A ação policial, conduzida pela Polícia Civil fluminense, foi revestida de violência extrema e reproduz o abominável padrão de chacinas e homicídios resultantes de abusos policiais e da ação criminosa de grupos milicianos em favelas e bairros pobres da periferia.

Justamente em razão da escalada do número de mortes nessas ações das forças de segurança do Rio de Janeiro, o plenário do STF confirmou decisão do Ministro Edson Fachin pela suspensão da realização de operações policiais em comunidades do Rio de Janeiro durante a epidemia do COVID-19, ressalvando apenas hipóteses absolutamente excepcionais, que devem ser devidamente justificadas por escrito, sob pena de responsabilização civil e criminal (ADPF 635).

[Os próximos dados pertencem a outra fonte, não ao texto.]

lemma circ_cinv_cancel [simp]:
  "a \<in> carr \<Longrightarrow> b \<in> carr \<Longrightarrow> cinv a \<cdot> (a \<cdot> b) = b"
  "a \<in> carr \<Longrightarrow> b \<in> carr \<Longrightarrow> a \<cdot> (cinv a \<cdot> b) = b"
  by (simp_all flip: circ_assoc)

lemma neg_neg [simp]: "a \<in> carr \<Longrightarrow> neg (neg a) = a"
  using Add.inv_inv by simp

lemma neg_e [simp]: "neg e = e"
  using Add.inv_one by simp

lemma neg_add [simp]: "a \<in> carr \<Longrightarrow> b \<in> carr \<Longrightarrow> neg (a \<oplus> b) = neg b \<oplus> neg a"
  using Add.inv_mult_group by simp

lemma cinv_cinv [simp]: "a \<in> carr \<Longrightarrow> cinv (cinv a) = a"
  using Circ.inv_inv by simp

lemma cinv_circ [simp]: "a \<in> carr \<Longrightarrow> b \<in> carr \<Longrightarrow> cinv (a \<cdot> b) = cinv b \<cdot> cinv a"
  using Circ.inv_mult_group by simp

lemma circ_add_distrib: "a \<in> carr \<Longrightarrow> b \<in> carr \<Longrightarrow> c \<in> carr \<Longrightarrow> a \<cdot> (b \<oplus> c) = a \<cdot> b \<oplus> neg a \<oplus> a \<cdot> c"
  using is_skew_brace unfolding skew_brace_def by blast

lemma lam_closed [simp]: "a \<in> carr \<Longrightarrow> b \<in> carr \<Longrightarrow> lam a b \<in> carr"
  unfolding blambda_def by simp

lemma bstar_closed [simp]: "a \<in> carr \<Longrightarrow> b \<in> carr \<Longrightarrow> bstar A a b \<in> carr"
  unfolding bstar_def by simp

lemma circ_eq_add_lam: "a \<in> carr \<Longrightarrow> b \<in> carr \<Longrightarrow> a \<cdot> b = a \<oplus> lam a b"
  unfolding blambda_def by simp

Em manifesto desrespeito à decisão do Supremo, a operação que produziu o massacre ocorrido hoje no Rio de Janeiro foi uma tragédia anunciada, sendo mais uma ação que teve como alvo uma favela densamente povoada. As vidas dos moradores, trabalhadoras/es pobres e majoritariamente negras/os, têm sido vítimas sistemáticas dessas ações. Os territórios da população pobre e preta do Rio são tratados como campos de batalha de uma guerra ao tráfico de drogas conduzida de maneira irracional e contraproducente.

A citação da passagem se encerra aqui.